» **What is required**: Every line from the beginning of the data through the line containing "(* The finite" should be reproduced exactly, and no further lines should be output.

(Beginning of Data)

text \<open>Entropy is nonnegative; this makes the candidate rates above the maximum nonnegative.\<close>

lemma entropy_K_nonneg:
  assumes pmf: "is_joint_pmf p"
  shows "entropy_K p \<ge> 0"
proof -
  have "law_K p c \<le> 1" for c
    using member_le_sum[of c UNIV "law_K p"] law_K_nonneg[OF pmf] sum_law_K[OF pmf] by simp
  then have "plogp (law_K p c) \<le> 0" for c
    using law_K_nonneg[OF pmf, of c]
    by (auto simp: plogp_def intro!: mult_nonneg_nonpos)
  then show ?thesis unfolding entropy_K_def by (simp add: sum_nonpos)
qed

theorem claim1:
  fixes p :: "bool \<Rightarrow> bool \<Rightarrow> real"
  assumes "is_joint_pmf p"
  shows "R_SW_sc p \<le> max (entropy_K p) (cond_entropy_V1_K p)"
proof -
  have bdd: "bdd_below {R. achievable_common p R}"
    by (rule bdd_belowI[where m = 0]) (simp add: achievable_common_def)
  show ?thesis unfolding R_SW_sc_def
  proof (rule dense_ge)
    fix R assume R: "max (entropy_K p) (cond_entropy_V1_K p) < R"
    then have "achievable_common p R"
      using entropy_K_nonneg[OF assms] by (intro achievable_above_entropies[OF assms]) auto
    then show "Inf {R. achievable_common p R} \<le> R"
      by (intro cInf_lower bdd) simp
  qed
qed

end
(* The finite element scheme "Find $u_h\in V_h$ such that $\int_a^b \mathcal{D}\, u_h^\prime v_h^\prime\,\mathrm{d}x =\int_a^b f v_h\,\mathrm{d}x$ for all $v_h\in V_h$", in the limit $\beta\to 0$ (i.e. for $\beta=0$), is equivalent to the Babuška-Zlámal DG method: Find $u_h\in V_h^D$ such that \begin{equation} \sum_{i=0}^{N}\int_{I_i} u_h^\prime v_h^\prime\,\mathrm{d}x + D\sum_{i=0}^{N+1}[u_h]_{x_i}[v_h]_{x_i}= \int_a^b fv_h\,\mathrm{d}x,\quad \forall v_h\in V_h^D. \end{equation}
   Context: Consider the 1D Poisson problem $-u''=f$ on $(a,b)$ with zero Dirichlet boundary conditions. Take mesh nodes $a=x_0<x_1<\ldots<x_{N+1}=b$ and the discontinuous piecewise linear space $V_h^D=\{v\in L^2([a,b]): v|_{I_i}\in\mathbb{P}_1(I_i),\ i=0,\ldots,N\}$ with $I_i=[x_i,x_{i+1}]$. For $v_h\in V_h^D$ the jump at an interior node is $[v_h]_{x_i}=v_h(x_i^+)-v_h(x_i^-)$, and at the endpoints $[v_h]_{x_0}=v_h(x_0^+)$, $[v_h]_{x_{N+1}}=-v_h(x_{N+1}^-)$. The mesh is enriched with auxiliary nodes $y_i$: $a=y_0<x_0<y_1<x_1<\ldots<y_{N+1}<x_{N+1}=b$, giving intervals $I_i=[x_i,y_{i+1}]$ and small intervals $J_i=[y_i,x_i]$ of length $|J_i|=\beta$ for all $i=0,\dots,N+1$. $V_h$ is the space of continuous piecewise linear functions on this enriched mesh (linear on each $I_i$ and each $J_i$) vanishing at $a$ and $b$. The modified diffusion coefficient is $\mathcal{D}(x)=1$ on the $I_i$ and $\mathcal{D}(x)=\beta D$ on the $J_i$, with a constant $D>0$. As $\beta\to 0$ (each $J_i$ collapses to the point $x_i$), values are identified via $u_h(y_i)=u_h(x_i^-)$, $u_h(x_i)=u_h(x_i^+)$, so that every $v_h\in V_h$ is identified with a limiting $v_h\in V_h^D$, and $v_h(x_i)-v_h(y_i)\to[v_h]_{x_i}$. *)

theory Defs
  imports "HOL-Analysis.Analysis"
begin

text \<open>Original mesh nodes: \<xi> 0 = a < \<xi> 1 < ... < \<xi> (N+1) = b.
  A function of the DG space V_h^D is represented by a real function that is affine on
  each open interval (\<xi> i, \<xi> (i+1)), i = 0..N (node values are irrelevant, as for L2).\<close>

definition in_VhD :: "(nat \<Rightarrow> real) \<Rightarrow> nat \<Rightarrow> (real \<Rightarrow> real) \<Rightarrow> bool" where
  "in_VhD \<xi> N v \<longleftrightarrow>
     (\<forall>i\<le>N. \<exists>c d. \<forall>x\<in>{\<xi> i<..<\<xi> (Suc i)}. v x = c * x + d)"

definition lval :: "(real \<Rightarrow> real) \<Rightarrow> real \<Rightarrow> real" where
  "lval v t = Lim (at_left t) v"

definition rval :: "(real \<Rightarrow> real) \<Rightarrow> real \<Rightarrow> real" where
  "rval v t = Lim (at_right t) v"

definition jump :: "(nat \<Rightarrow> real) \<Rightarrow> nat \<Rightarrow> (real \<Rightarrow> real) \<Rightarrow> nat \<Rightarrow> real" where
  "jump \<xi> N v i =
     (if i = 0 then rval v (\<xi> 0)
      else if i = Suc N then - lval v (\<xi> (Suc N))
      else rval v (\<xi> i) - lval v (\<xi> i))"

definition bz_form :: "(nat \<Rightarrow> real) \<Rightarrow> nat \<Rightarrow> real \<Rightarrow> (real \<Rightarrow> real) \<Rightarrow> (real \<Rightarrow> real) \<Rightarrow> real" where
  "bz_form \<xi> N D u v =
     (\<Sum>i\<le>N. integral {\<xi> i..\<xi> (Suc i)} (\<lambda>x. deriv u x * deriv v x))
     + D * (\<Sum>i\<le>Suc N. jump \<xi> N u i * jump \<xi> N v i)"

definition pl_interp :: "(nat \<Rightarrow> real) \<Rightarrow> (nat \<Rightarrow> real) \<Rightarrow> nat \<Rightarrow> real \<Rightarrow> real" where
  "pl_interp P V M x =
     (if \<exists>k<M. P k \<le> x \<and> x \<le> P (Suc k) then
        (let k = (LEAST k. k < M \<and> P k \<le> x \<and> x \<le> P (Suc k))
         in V k + (V (Suc k) - V k) * (x - P k) / (P (Suc k) - P k))
      else 0)"

text \<open>Enriched mesh y_0 < x_0 < y_1 < x_1 < ... < y_(N+1) < x_(N+1), listed as
  z_(2i) = y_i, z_(2i+1) = x_i.\<close>
definition enr_nodes :: "(nat \<Rightarrow> real) \<Rightarrow> (nat \<Rightarrow> real) \<Rightarrow> nat \<Rightarrow> real" where
  "enr_nodes X Y k = (if even k then Y (k div 2) else X (k div 2))"

text \<open>Identification: u_h(y_i) = u_h(x_i^-), u_h(x_i) = u_h(x_i^+), with u_h(a) = u_h(b) = 0.\<close>
definition enr_vals :: "(nat \<Rightarrow> real) \<Rightarrow> nat \<Rightarrow> (real \<Rightarrow> real) \<Rightarrow> nat \<Rightarrow> real" where
  "enr_vals \<xi> N v k =
     (let i = k div 2 in
      if even k then (if i = 0 then 0 else lval v (\<xi> i))
      else (if i = Suc N then 0 else rval v (\<xi> i)))"

definition embed :: "(nat \<Rightarrow> real) \<Rightarrow> nat \<Rightarrow> (nat \<Rightarrow> real) \<Rightarrow> (nat \<Rightarrow> real)
    \<Rightarrow> (real \<Rightarrow> real) \<Rightarrow> real \<Rightarrow> real" where
  "embed \<xi> N X Y v = pl_interp (enr_nodes X Y) (enr_vals \<xi> N v) (2 * N + 3)"

definition Dcoef :: "nat \<Rightarrow> (nat \<Rightarrow> real) \<Rightarrow> (nat \<Rightarrow> real) \<Rightarrow> real \<Rightarrow> real \<Rightarrow> real \<Rightarrow> real" where
  "Dcoef N X Y D \<beta> x = (if \<exists>i\<le>Suc N. Y i \<le> x \<and> x \<le> X i then \<beta> * D else 1)"

definition fe_form :: "real \<Rightarrow> real \<Rightarrow> nat \<Rightarrow> (nat \<Rightarrow> real) \<Rightarrow> (nat \<Rightarrow> real) \<Rightarrow> real \<Rightarrow> real
    \<Rightarrow> (real \<Rightarrow> real) \<Rightarrow> (real \<Rightarrow> real) \<Rightarrow> real" where
  "fe_form a b N X Y D \<beta> w z =
     integral {a..b} (\<lambda>x. Dcoef N X Y D \<beta> x * deriv w x * deriv z x)"

end

theory Submission
  imports Defs
begin

text \<open>On a collapsing interval \<open>J\<^sub>i\<close> of length \<open>\<beta>\<close> the finite element function has slope
  \<open>[v]/\<beta>\<close>, so the contribution \<open>\<beta> D \<cdot> ([u]/\<beta>) \<cdot> ([v]/\<beta>) \<cdot> \<beta> = D [u] [v]\<close> of \<open>J\<^sub>i\<close> to the
  stiffness form does not depend on \<open>\<beta>\<close> at all, while the intervals \<open>I\<^sub>i\<close> contribute as for the
  DG functions, on intervals whose endpoints converge. On \<open>J\<^sub>i\<close> the finite element function is
  bounded by \<open>|v(x\<^sub>i\<^sup>-)| + |v(x\<^sub>i\<^sup>+)|\<close>, so its load vanishes with the integral of \<open>|f|\<close> over
  \<open>J\<^sub>i\<close>; on \<open>I\<^sub>i\<close> the load, written through the moments of \<open>f\<close>, is continuous in the endpoints.
  Hence for every test function the finite element residual converges to the Babuska-Zlamal residual,
  and the two variational problems agree by uniqueness of limits.\<close>

section \<open>Linear interpolation on an interval and its load\<close>

definition lin_interp :: "real \<Rightarrow> real \<Rightarrow> real \<Rightarrow> real \<Rightarrow> real \<Rightarrow> real" where
  "lin_interp p q V0 V1 x = V0 + (V1 - V0) / (q - p) * (x - p)"

text \<open>The value of \<open>\<integral>\<^sub>p\<^sup>q f \<cdot> lin_interp p q V0 V1\<close>, written through the first two moments
  of \<open>f\<close> so that its dependence on the endpoints is visibly continuous.\<close>
definition lin_load :: "(real \<Rightarrow> real) \<Rightarrow> real \<Rightarrow> real \<Rightarrow> real \<Rightarrow> real \<Rightarrow> real" where
  "lin_load f p q V0 V1 = V0 * integral {p..q} f
     + (V1 - V0) / (q - p) * (integral {p..q} (\<lambda>x. x * f x) - p * integral {p..q} f)"

lemma has_integral_consecutive_sum:
  fixes P :: "nat \<Rightarrow> real" and h :: "real \<Rightarrow> 'a::banach"
  assumes "\<forall>k<M. P k \<le> P (Suc k)" "\<forall>k<M. (h has_integral I k) {P k..P (Suc k)}"
  shows "(h has_integral (\<Sum>k<M. I k)) {P 0..P M}"
  using assms
proof (induction M)
  case 0
  then show ?case by (simp add: has_integral_refl)
next
  case (Suc M)
  have "P 0 \<le> P M"
    by (rule lift_Suc_mono_le_ivl[of "{..<M}"]) (use Suc.prems(1) in auto)
  then have "(h has_integral (\<Sum>k<M. I k) + I M) {P 0..P (Suc M)}"
    using Suc by (intro has_integral_combine[of "P 0" "P M" "P (Suc M)"]) auto
  then show ?case
    by (simp add: add.commute)
qed

lemma has_integral_const_on_open:
  fixes p q C :: real
  assumes "p \<le> q" "\<And>x. x \<in> {p<..<q} \<Longrightarrow> h x = C"
  shows "(h has_integral C * (q - p)) {p..q}"
proof -
  have const: "((\<lambda>x. C) has_integral C * (q - p)) {p..q}"
    using has_integral_const_real[of C p q] assms(1) by (simp add: mult.commute)
  show ?thesis
    using has_integral_spike_finite[OF _ _ const, of "{p, q}" h] assms(2) by auto
qed

lemma tendsto_integral_endpoints:
  fixes g :: "real \<Rightarrow> real" and p q :: "'b \<Rightarrow> real"
  assumes g: "g integrable_on {a..b}" and p: "(p \<longlongrightarrow> p0) F" and q: "(q \<longlongrightarrow> q0) F"
    and ev: "eventually (\<lambda>t. a \<le> p t \<and> p t \<le> q t \<and> q t \<le> b) F"
    and le: "a \<le> p0" "p0 \<le> q0" "q0 \<le> b"
  shows "((\<lambda>t. integral {p t..q t} g) \<longlongrightarrow> integral {p0..q0} g) F"
proof -
  define \<Phi> where "\<Phi> x = integral {a..x} g" for x
  have \<Phi>: "continuous_on {a..b} \<Phi>"
    unfolding \<Phi>_def by (rule indefinite_integral_continuous_1[OF g])
  have eq: "integral {r..s} g = \<Phi> s - \<Phi> r" if "a \<le> r" "r \<le> s" "s \<le> b" for r s
  proof -
    have "g integrable_on {a..s}"
      using that by (intro integrable_subinterval_real[OF g]) auto
    then have "integral {a..r} g + integral {r..s} g = integral {a..s} g"
      using that by (intro Henstock_Kurzweil_Integration.integral_combine) auto
    then show ?thesis unfolding \<Phi>_def by simp
  qed
  have "eventually (\<lambda>t. q t \<in> {a..b}) F" "eventually (\<lambda>t. p t \<in> {a..b}) F"
    using ev by (auto elim: eventually_mono)
  then have "((\<lambda>t. \<Phi> (q t) - \<Phi> (p t)) \<longlongrightarrow> \<Phi> q0 - \<Phi> p0) F"
    using continuous_on_tendsto_compose[OF \<Phi> q] continuous_on_tendsto_compose[OF \<Phi> p] le
    by (intro tendsto_diff) (auto simp: o_def)
  then have "((\<lambda>t. integral {p t..q t} g) \<longlongrightarrow> \<Phi> q0 - \<Phi> p0) F"
    by (rule Lim_transform_eventually) (use ev eq in \<open>auto elim!: eventually_mono\<close>)
  then show ?thesis
    using eq le by simp
qed

lemma affine_eq_lin_interp:
  fixes c d p q x :: real
  assumes "p \<noteq> q"
  shows "c * x + d = lin_interp p q (c * p + d) (c * q + d) x"
proof -
  have "(c * q + d) - (c * p + d) = c * (q - p)"
    by (simp add: algebra_simps)
  then have "((c * q + d) - (c * p + d)) / (q - p) = c"
    using assms by simp
  then show ?thesis
    unfolding lin_interp_def by (simp add: algebra_simps)
qed

lemma abs_lin_interp_le:
  fixes x p q V0 V1 :: real
  assumes "p < q" "x \<in> {p..q}"
  shows "\<bar>lin_interp p q V0 V1 x\<bar> \<le> \<bar>V0\<bar> + \<bar>V1\<bar>"
proof -
  define t where "t = (x - p) / (q - p)"
  have t: "0 \<le> t" "t \<le> 1"
    using assms unfolding t_def by auto
  have "lin_interp p q V0 V1 x = V0 + (V1 - V0) * t"
    unfolding lin_interp_def t_def by simp
  also have "\<dots> = (1 - t) * V0 + t * V1"
    by (simp add: algebra_simps)
  also have "\<bar>\<dots>\<bar> \<le> \<bar>(1 - t) * V0\<bar> + \<bar>t * V1\<bar>"
    by (rule abs_triangle_ineq)
  also have "\<dots> \<le> \<bar>V0\<bar> + \<bar>V1\<bar>"
    using t by (intro add_mono) (simp_all add: abs_mult mult_left_le_one_le)
  finally show ?thesis .
qed

lemma deriv_eq_lin_interp_slope:
  fixes w :: "real \<Rightarrow> real"
  assumes "x \<in> {p<..<q}" "\<forall>y\<in>{p<..<q}. w y = lin_interp p q V0 V1 y"
  shows "deriv w x = (V1 - V0) / (q - p)"
proof -
  have "(lin_interp p q V0 V1 has_field_derivative (V1 - V0) / (q - p)) (at x)"
    unfolding lin_interp_def[abs_def] using assms(1) by (auto intro!: derivative_eq_intros)
  then have "(w has_field_derivative (V1 - V0) / (q - p)) (at x)"
    by (rule has_field_derivative_transform_within_open[of _ _ _ "{p<..<q}"]) (use assms in auto)
  then show ?thesis
    by (rule DERIV_imp_deriv)
qed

(End of Data)

» **Response area**:
text \<open>Entropy is nonnegative; this makes the candidate rates above the maximum nonnegative.\<close>

lemma entropy_K_nonneg:
  assumes pmf: "is_joint_pmf p"
  shows "entropy_K p \<ge> 0"
proof -
  have "law_K p c \<le> 1" for c
    using member_le_sum[of c UNIV "law_K p"] law_K_nonneg[OF pmf] sum_law_K[OF pmf] by simp
  then have "plogp (law_K p c) \<le> 0" for c
    using law_K_nonneg[OF pmf, of c]
    by (auto simp: plogp_def intro!: mult_nonneg_nonpos)
  then show ?thesis unfolding entropy_K_def by (simp add: sum_nonpos)
qed

theorem claim1:
  fixes p :: "bool \<Rightarrow> bool \<Rightarrow> real"
  assumes "is_joint_pmf p"
  shows "R_SW_sc p \<le> max (entropy_K p) (cond_entropy_V1_K p)"
proof -
  have bdd: "bdd_below {R. achievable_common p R}"
    by (rule bdd_belowI[where m = 0]) (simp add: achievable_common_def)
  show ?thesis unfolding R_SW_sc_def
  proof (rule dense_ge)
    fix R assume R: "max (entropy_K p) (cond_entropy_V1_K p) < R"
    then have "achievable_common p R"
      using entropy_K_nonneg[OF assms] by (intro achievable_above_entropies[OF assms]) auto
    then show "Inf {R. achievable_common p R} \<le> R"
      by (intro cInf_lower bdd) simp
  qed
qed

end
(* The finite element scheme "Find $u_h\in V_h$ such that $\int_a^b \mathcal{D}\, u_h^\prime v_h^\prime\,\mathrm{d}x =\int_a^b f v_h\,\mathrm{d}x$ for all $v_h\in V_h$", in the limit $\beta\to 0$ (i.e. for $\beta=0$), is equivalent to the Babuška-Zlámal DG method: Find $u_h\in V_h^D$ such that \begin{equation} \sum_{i=0}^{N}\int_{I_i} u_h^\prime v_h^\prime\,\mathrm{d}x + D\sum_{i=0}^{N+1}[u_h]_{x_i}[v_h]_{x_i}= \int_a^b fv_h\,\mathrm{d}x,\quad \forall v_h\in V_h^D. \end{equation}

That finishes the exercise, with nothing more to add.